Monday 9 January 2017

Write to your Audience

Don’t be vague. If you want to become a better writer, you have to comprehend the pulse of your audience.

Write as if you’re standing in front an audience, in real, and talking to them. The tone should be conversational but maintain brevity.

If you’re writing reviews, for example, write your experience of using it and ideate how it will benefit blog readers. Don’t be a impassionate and detached writer. Connect with audience.

4) Build a Peer Group

You don’t really learn creative writing skills without a peer group. Being a sole writer without communicating with other writers and creators is going to clamp your style, stop you from experimenting and seeking growth.

A peer group could be a mix of targeted audience and writers who can give constructive feedback of your work. A peer group helps your writing to grow and mature.

5) Read out Loud

If you’re new to writing and need some serious improvements, read out loud. Sometimes we remain unaware of faults and mistakes because there is no one to correct us but reading your article aloud in empty space will be a serious eye opener.

You will understand whether the used language is right or too contrite, whether there are grammatical errors, too long or short sentences and most importantly, whether your message is getting conveyed or not to the targeted readers.

6) Grammatical Composition

I see a lot of blogs with good content potential but their major flaw is in grammatical composition. Coupled with the need to cater to a global audience and various English styles like American English and British English, it is easy for an untrained writer to get lost in translation, literally.

Buy a good grammar composition book and learn the basics. The placement of a full-stop or a comma can change the meaning of a whole sentence.

No one is expecting you to be perfect but if you want to learn how to become a great writer, you have to know and practice the basics.

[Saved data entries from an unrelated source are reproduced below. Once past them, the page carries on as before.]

(* Every dp-minimal integral domain $R$ is divided: for every prime ideal $\mathfrak p$ of $R$ and every $a\in R$, either $\mathfrak p\subseteq aR$ or $aR\subseteq\mathfrak p$ (equivalently, $\mathfrak p=\mathfrak pR_{\mathfrak p}$). In particular, there exists $N\in\mathbb N$ such that for all $a,b$ in the maximal ideal of $R$, either $a\in bR$ or $b^N\in aR$.
   Context: Rings are commutative with identity; dp-minimal means the theory in the language of rings has dp-rank $1$ (such domains are local). A prime ideal $\mathfrak p$ is divided if it is comparable under inclusion with every principal ideal; a ring is divided if every prime ideal is divided. *)

theory Defs
  imports "HOL-Algebra.Algebra"
begin

datatype rterm = RVar nat | RZero | ROne | RAdd rterm rterm | RNeg rterm | RMul rterm rterm

datatype rform = REq rterm rterm | RNot rform | RAnd rform rform | REx nat rform

fun rt_eval :: "('a, 'b) ring_scheme \<Rightarrow> (nat \<Rightarrow> 'a) \<Rightarrow> rterm \<Rightarrow> 'a" where
  "rt_eval R e (RVar n) = e n"
| "rt_eval R e RZero = \<zero>\<^bsub>R\<^esub>"
| "rt_eval R e ROne = \<one>\<^bsub>R\<^esub>"
| "rt_eval R e (RAdd s t) = rt_eval R e s \<oplus>\<^bsub>R\<^esub> rt_eval R e t"
| "rt_eval R e (RNeg s) = \<ominus>\<^bsub>R\<^esub> rt_eval R e s"
| "rt_eval R e (RMul s t) = rt_eval R e s \<otimes>\<^bsub>R\<^esub> rt_eval R e t"

fun rsat :: "('a, 'b) ring_scheme \<Rightarrow> (nat \<Rightarrow> 'a) \<Rightarrow> rform \<Rightarrow> bool" where
  "rsat R e (REq s t) = (rt_eval R e s = rt_eval R e t)"
| "rsat R e (RNot f) = (\<not> rsat R e f)"
| "rsat R e (RAnd f g) = (rsat R e f \<and> rsat R e g)"
| "rsat R e (REx n f) = (\<exists>a\<in>carrier R. rsat R (e(n := a)) f)"

text \<open>An ICT pattern of depth 2 and size n in R for formulas phi(x;y), psi(x;z),
  where the object variable x is variable 0 and the parameter tuples are given by
  environments (all other variables).\<close>
definition ict2_pattern :: "('a, 'b) ring_scheme \<Rightarrow> rform \<Rightarrow> rform \<Rightarrow> nat \<Rightarrow> bool" where
  "ict2_pattern R \<phi> \<psi> n \<longleftrightarrow>
     (\<exists>b c :: nat \<Rightarrow> nat \<Rightarrow> 'a.
        (\<forall>i<n. \<forall>v. b i v \<in> carrier R) \<and> (\<forall>j<n. \<forall>v. c j v \<in> carrier R) \<and>
        (\<forall>i<n. \<forall>j<n. \<exists>a\<in>carrier R.
            (\<forall>k<n. rsat R ((b k)(0 := a)) \<phi> \<longleftrightarrow> k = i) \<and>
            (\<forall>l<n. rsat R ((c l)(0 := a)) \<psi> \<longleftrightarrow> l = j)))"

text \<open>Th(R) has dp-rank 1 (dp-minimal): there is no ICT pattern of depth 2 in a
  single object variable in any model of Th(R); by compactness (Th(R) is complete),
  this is equivalent to: for all formulas phi, psi the finite patterns in R have
  bounded size.\<close>
definition dp_minimal :: "('a, 'b) ring_scheme \<Rightarrow> bool" where
  "dp_minimal R \<longleftrightarrow> (\<forall>\<phi> \<psi>. \<exists>n. \<not> ict2_pattern R \<phi> \<psi> n)"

7) Bind Yourself within a Time Limit

Writing doesn’t have any limit. It doesn’t have any beginning or an end. It’s like a straight line; you can stretch it anywhere either ways.

Therefore, it is necessary to set a time limit. Time the writing.

Do this.

For your next blog post, set a time limit of one hour, no matter what you’re writing about. Stop when the time is up. Leave it as it is and now compare it with the above parameters.

You will see a lot of scope for improvement.